**Assignment**
Each line from the line containing "using tendsto_schur_at_1[of T" through the last line of the entries is to be reproduced exactly as it stands.

**Entries shown**
*** Block opens ***

lemma tendsto_q_weyl_product_at_1:
  assumes "antimono lam"
  shows "((\<lambda>q::real. \<Prod>i\<in>{1..T}. \<Prod>j\<in>{i<..T}.
      (q powi (int (lam i) - int (lam j) + int j - int i) - 1) / (q powi (int j - int i) - 1))
    \<longlongrightarrow> weyl_dimension T lam) (at 1)"
  unfolding weyl_dimension_def
proof (intro tendsto_prod)
  fix i j assume ij: "i \<in> {1..T}" "j \<in> {i<..T}"
  define a where "a = lam i - lam j + j - i"
  define b where "b = j - i"
  have "lam j \<le> lam i"
    using assms ij by (simp add: antimono_def)
  then have a: "int (lam i) - int (lam j) + int j - int i = int a"
    and b: "int j - int i = int b" "0 < b"
    and ab: "(real (lam i) - real (lam j) + real j - real i) / (real j - real i) = real a / real b"
    using ij by (auto simp: a_def b_def of_nat_diff)
  show "((\<lambda>q::real. (q powi (int (lam i) - int (lam j) + int j - int i) - 1) / (q powi (int j - int i) - 1))
      \<longlongrightarrow> (real (lam i) - real (lam j) + real j - real i) / (real j - real i)) (at 1)"
    unfolding a b(1) ab power_int_of_nat by (rule tendsto_power_ratio_at_1) (rule b(2))
qed

lemma parts_of_endpoints:
  fixes y L :: "nat \<Rightarrow> int"
  assumes y_incr: "\<forall>i\<in>{1..<N}. y i < y (i + 1)"
    and y_par: "\<forall>i\<in>{1..N}. y i mod 2 = int T mod 2"
    and L_def: "\<forall>i. L i = (int T + 2 * (int i - 1) - y i) div 2"
    and "int T \<ge> L 1" and "L N \<ge> 0"
  shows "\<And>j. j \<in> {1..N} \<Longrightarrow> y j = int T + 2 * (int j - 1) - 2 * L j"
    and "\<And>i. 1 \<le> i \<Longrightarrow> Suc i \<le> N \<Longrightarrow> L (Suc i) \<le> L i"
    and "\<And>j. j \<in> {1..N} \<Longrightarrow> 0 \<le> L j \<and> L j \<le> int T"
proof -
  show y: "y j = int T + 2 * (int j - 1) - 2 * L j" if "j \<in> {1..N}" for j
  proof -
    have "y j mod 2 = int T mod 2"
      using y_par that by blast
    then show ?thesis
      using L_def[rule_format, of j] by presburger
  qed
  show dec: "L (Suc i) \<le> L i" if "1 \<le> i" "Suc i \<le> N" for i
  proof -
    have "y i < y (Suc i)" "y i mod 2 = y (Suc i) mod 2"
      using y_incr y_par that by auto
    then have "y i + 2 \<le> y (Suc i)"
      by presburger
    then show ?thesis
      using y[of i] y[of "Suc i"] that by simp
  qed
  show "0 \<le> L j \<and> L j \<le> int T" if "j \<in> {1..N}" for j
  proof -
    have mono: "L n' \<le> L n" if "1 \<le> n" "n \<le> n'" "n' \<le> N" for n n'
      by (rule lift_Suc_antimono_le_ivl[where N = "{1..<N}" and f = L]) (use that dec in auto)
    have "L N \<le> L j" "L j \<le> L 1"
      using mono \<open>j \<in> {1..N}\<close> by auto
    then show ?thesis
      using assms(4,5) by simp
  qed
qed

theorem proposition3:
  fixes N T :: nat and y :: "nat \<Rightarrow> int" and L :: "nat \<Rightarrow> int" and lam :: "nat \<Rightarrow> nat"
  assumes "N \<ge> 1" and "T \<ge> 1"
    and y_incr: "\<forall>i\<in>{1..<N}. y i < y (i + 1)"
    and y_par: "\<forall>i\<in>{1..N}. y i mod 2 = int T mod 2"
    and L_def: "\<forall>i. L i = (int T + 2 * (int i - 1) - y i) div 2"
    and "int T \<ge> L 1" and "L N \<ge> 0"
    and lam_def: "\<forall>k. lam k = card {j \<in> {1..N}. L j \<ge> int k}"
  shows "((\<lambda>q::real. schur T lam (\<lambda>k. q ^ (k - 1))) \<longlongrightarrow> real (M_count N T y)) (at 1)
    \<and> ((\<lambda>q::real. q ^ (\<Sum>k=1..T. (k - 1) * lam k) *
          (\<Prod>i\<in>{1..T}. \<Prod>j\<in>{i<..T}.
             (q powi (int (lam i) - int (lam j) + int j - int i) - 1) / (q powi (int j - int i) - 1)))
        \<longlongrightarrow> real (M_count N T y)) (at 1)
    \<and> real (M_count N T y) =
        (\<Prod>i\<in>{1..T}. \<Prod>j\<in>{i<..T}.
           (real (lam i) - real (lam j) + real j - real i) / (real j - real i))"
proof -
  note parts = parts_of_endpoints[OF y_incr y_par L_def assms(6,7)]
  define Lc where "Lc j = nat (L j)" for j
  have "lam r = card {j \<in> {1..N}. r \<le> Lc j}" for r
  proof -
    have "{j \<in> {1..N}. L j \<ge> int r} = {j \<in> {1..N}. r \<le> Lc j}"
      using parts(3) by (force simp: Lc_def)
    then show ?thesis
      using lam_def by simp
  qed
  then have walks: "M_count N T y = card (ssyt T lam)"
    unfolding M_count_def
    by (intro card_vicious_walks_eq_card_ssyt[where L = Lc]) (use parts in \<open>auto simp: Lc_def nat_le_iff\<close>)
  have "antimono lam"
  proof (rule antimonoI)
    fix k k' :: nat assume "k \<le> k'"
    then show "lam k' \<le> lam k"
      unfolding lam_def[rule_format] by (intro card_mono) auto
  qed
  then have weyl: "real (card (ssyt T lam)) = weyl_dimension T lam"
    by (intro card_ssyt_eq_weyl_dimension) (simp add: antimono_def)
  have "((\<lambda>q::real. q ^ (\<Sum>k=1..T. (k - 1) * lam k) *
          (\<Prod>i\<in>{1..T}. \<Prod>j\<in>{i<..T}.
             (q powi (int (lam i) - int (lam j) + int j - int i) - 1) / (q powi (int j - int i) - 1)))
        \<longlongrightarrow> 1 ^ (\<Sum>k=1..T. (k - 1) * lam k) * weyl_dimension T lam) (at 1)"
    by (intro tendsto_mult tendsto_power tendsto_ident_at tendsto_q_weyl_product_at_1 \<open>antimono lam\<close>)
  then show ?thesis
    using tendsto_schur_at_1[of T lam] walks weyl by (simp add: weyl_dimension_def)
qed

end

*** Block closes ***

**Your response**
    using tendsto_schur_at_1[of T lam] walks weyl by (simp add: weyl_dimension_def)
qed

end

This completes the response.